Wire Format 2.0 (https://github.com/knurling-rs/defmt/issues/492) is already implementing rzCOBS framing. We could add a generic BBQueue logger implementation (https://github.com/knurling-rs/defmt/issues/460#issuecomment-827116010) to help support various transports. It would be helpful to know ahead of time how much space is required for a log message but that is probably difficult in general.
Function Tracing
I'm using the trace crate attribute macro to easily generate function enter/exit messages. I've modified it lightly to not use thread local storage (no indentation) and to use defmt.
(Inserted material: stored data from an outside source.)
lemma finite_supported_matrices:
  assumes "finite I" "finite J" "finite B"
  shows "finite {f. \<forall>i j. (i \<in> I \<and> j \<in> J \<longrightarrow> f i j \<in> B) \<and> (\<not> (i \<in> I \<and> j \<in> J) \<longrightarrow> f i j = c)}"
proof -
  define R where "R = {r. \<forall>j. (j \<in> J \<longrightarrow> r j \<in> B) \<and> (j \<notin> J \<longrightarrow> r j = c)}"
  have "finite R"
    unfolding R_def using assms(2,3) by (rule finite_set_of_finite_funs)
  then have "finite {f. \<forall>i. (i \<in> I \<longrightarrow> f i \<in> R) \<and> (i \<notin> I \<longrightarrow> f i = (\<lambda>_. c))}"
    using assms(1) by (intro finite_set_of_finite_funs)
  then show ?thesis
    by (rule finite_subset[rotated]) (auto simp: R_def)
qed

lemma minus_one_power_card_odd_change:
  assumes "finite A" "finite B" "A - Q = B - Q" "odd (card (A \<inter> Q) + card (B \<inter> Q))"
  shows "(-1::int) ^ card A = - ((-1) ^ card B)"
proof -
  have "card A = card (A - Q) + card (A \<inter> Q)" "card B = card (B - Q) + card (B \<inter> Q)"
    using card_Int_Diff[OF assms(1), of Q] card_Int_Diff[OF assms(2), of Q] by simp_all
  then show ?thesis
    using assms(3,4) by (auto simp: power_add minus_one_power_iff)
qed

section \<open>Gelfand-Tsetlin patterns\<close>

lemma gt_pattern_interlacing:
  assumes "gt_pattern n k a" "2 \<le> i" "i \<le> n" "1 \<le> j" "j < i"
  shows "a i j \<le> a (i - 1) j" "a (i - 1) j \<le> a i (Suc j)"
proof -
  have "1 \<le> j \<and> j \<le> i - 1 \<and> i - 1 < n" using assms(2-5) by auto
  then have "a (Suc (i - 1)) j \<le> a (i - 1) j \<and> a (i - 1) j \<le> a (Suc (i - 1)) (Suc j)"
    using assms(1) unfolding gt_pattern_def by blast
  then show "a i j \<le> a (i - 1) j" "a (i - 1) j \<le> a i (Suc j)"
    using assms(2) by simp_all
qed

lemma gt_pattern_row_mono:
  assumes "gt_pattern n k a" "1 \<le> p" "p \<le> q" "q \<le> i" "i \<le> n"
  shows "a i p \<le> a i q"
  using assms(3,4)
proof (induction q rule: dec_induct)
  case (step q)
  then show ?case
    using gt_pattern_interlacing[OF assms(1), of i q] assms(2,5) by linarith
qed simp

lemma gt_pattern_row_const:
  assumes "gt_pattern n k a" "1 \<le> p" "p \<le> r" "r \<le> q" "q \<le> i" "i \<le> n" "a i q = a i p"
  shows "a i r = a i p"
  using gt_pattern_row_mono[OF assms(1), of p r i] gt_pattern_row_mono[OF assms(1), of r q i] assms
  by simp

lemma gt_pattern_three_equal_above:
  assumes "gt_pattern n k a" "1 \<le> j" "Suc (Suc j) \<le> i" "i \<le> n"
    and "a i (Suc j) = a i j" "a i (Suc (Suc j)) = a i j"
  shows "a (i - 1) j = a i j" "a (i - 1) (Suc j) = a i j"
proof -
  have "2 \<le> i"
    using assms(2,3) by simp
  note interlacing = gt_pattern_interlacing[OF assms(1) this assms(4)]
  have "a i j \<le> a (i - 1) j" "a (i - 1) j \<le> a i (Suc j)"
    "a i (Suc j) \<le> a (i - 1) (Suc j)" "a (i - 1) (Suc j) \<le> a i (Suc (Suc j))"
    using interlacing[of j] interlacing[of "Suc j"] assms(2,3) by simp_all
  then show "a (i - 1) j = a i j" "a (i - 1) (Suc j) = a i j"
    using assms(5,6) by linarith+
qed

lemma gt_pattern_entry_bounds:
  assumes "gt_pattern n k a" "in_tri n i j"
  shows "a i j \<in> {Min (k ` {1..n}) .. Max (k ` {1..n})}"
  using assms(2)
proof (induction "n - i" arbitrary: i j)
  case 0
  then have "a i j = k j" "j \<in> {1..n}"
    using assms(1) unfolding gt_pattern_def in_tri_def by auto
  then show ?case by simp
next
  case (Suc m)
  then have "in_tri n (Suc i) j" "in_tri n (Suc i) (Suc j)" "m = n - Suc i"
    unfolding in_tri_def by auto
  moreover have "a (Suc i) j \<le> a i j" "a i j \<le> a (Suc i) (Suc j)"
    using Suc assms(1) unfolding gt_pattern_def in_tri_def by auto
  ultimately show ?case
    using Suc.hyps(1)[of "Suc i"] by fastforce
qed

lemma UNIV_dec: "(UNIV :: dec set) = {NoDec, NW, NE, Both}"
  using dec.exhaust by auto

lemma finite_decorated_gt_patterns:
  "finite {(a, d). gt_pattern n k a \<and> dec_normal n d}"
proof -
  define V where "V = insert 0 {Min (k ` {1..n}) .. Max (k ` {1..n})}"
  have "a i j \<in> V" if "gt_pattern n k a" for a i j
    using gt_pattern_entry_bounds[OF that, of i j] that unfolding V_def gt_pattern_def by auto
  moreover have "a i j = 0" if "gt_pattern n k a" "\<not> (i \<in> {1..n} \<and> j \<in> {1..n})" for a i j
    using that unfolding gt_pattern_def in_tri_def by auto
  ultimately have "{a. gt_pattern n k a} \<subseteq>
      {a. \<forall>i j. (i \<in> {1..n} \<and> j \<in> {1..n} \<longrightarrow> a i j \<in> V) \<and>
        (\<not> (i \<in> {1..n} \<and> j \<in> {1..n}) \<longrightarrow> a i j = 0)}"
    by blast
  then have "finite {a. gt_pattern n k a}"
    by (rule finite_subset) (intro finite_supported_matrices, auto simp: V_def)
  moreover have "{d. dec_normal n d} \<subseteq>
      {d. \<forall>i j. (i \<in> {1..n} \<and> j \<in> {1..n} \<longrightarrow> d i j \<in> UNIV) \<and>
        (\<not> (i \<in> {1..n} \<and> j \<in> {1..n}) \<longrightarrow> d i j = NoDec)}"
    unfolding dec_normal_def in_tri_def by auto
  then have "finite {d. dec_normal n d}"
    by (rule finite_subset) (intro finite_supported_matrices, auto simp: UNIV_dec)
  ultimately have "finite ({a. gt_pattern n k a} \<times> {d. dec_normal n d})"
    by blast
  then show ?thesis
    by (rule finite_subset[rotated]) auto
qed

lemma finite_special_triangles: "finite (special_triangles n a d)"
  by (rule finite_subset[of _ "{..n} \<times> {..n}"]) (auto simp: special_triangles_def in_tri_def)

section \<open>Maximal runs of equal entries\<close>

definition arrowed_at :: "nat \<Rightarrow> entries \<Rightarrow> decorations \<Rightarrow> nat \<Rightarrow> nat \<Rightarrow> bool" where
  "arrowed_at n a d i j \<longleftrightarrow>
     (in_tri n i j \<and> 2 \<le> i \<and> j < i \<and> a i j = a (i - 1) j \<and> has_ne (d i j)
        \<longrightarrow> a i (Suc j) = a i j \<and> has_nw (d i (Suc j))) \<and>
     (in_tri n i j \<and> 2 \<le> i \<and> 2 \<le> j \<and> a i j = a (i - 1) (j - 1) \<and> has_nw (d i j)
        \<longrightarrow> a i (j - 1) = a i j \<and> has_ne (d i (j - 1)))"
I manually add TASK: to RTIC task function names to help understand task switching.
Theoretically we could do sample-based profiling as well by periodically recording the program counter, but I haven't implemented this.
Host Recording
I've modified probe-run and defmt-print to support serial port reading and rzCOBS decoding. You can enable an output log file and can use a log level filter for the console output separate from the log file.
I think it would be nice for probe-run to support serial ports, but perhaps the data could be piped into defmt-print. It's nice having it all integrated, though, especially since probe-run can tell the target when its ready for log data.
Profile Viewing
I wrote a small program that parses the log file to create a Firefox Profiler (https://profiler.firefox.com/) compatible output. I initially targeted Trace Compass (https://www.eclipse.org/tracecompass/), but it was trickier to integrate since it's designed for the complex Linux tracing ecosystem. The Firefox profiler is obviously designed for multi-thread multi-process C and Javascript profiles but it's flexible enough to work pretty well for this use case. The program sorts the log lines (they may have been reordered by the priority queues) and uses regexes to parse function trace messages. It keeps track of call stacks and task switching to output profiler samples.
Having custom message tags (https://github.com/knurling-rs/defmt/issues/182) for function call/return and variable value watches would be less of a hack than parsing log messages as text. The custom messages could possibly use a purpose-built efficient encoding, but defmt is already pretty good at sending interned strings.
defmt already works pretty well for this use case, and many of the improvements that are being worked on will help as well. We can at least keep it in mind as we think about changes for the future. I'll see how much of this I can polish up and open source.
@mattico Three years later and the ecosystem has shifted slightly and I wanted to know if you had an updated approach to this because I like the idea. With the deprecation of probe-run and specifically the removal of the --json flag, I believe this approach has to change slightly. I was curious if any of your changes ended up being developed, or if it ended with this documentation.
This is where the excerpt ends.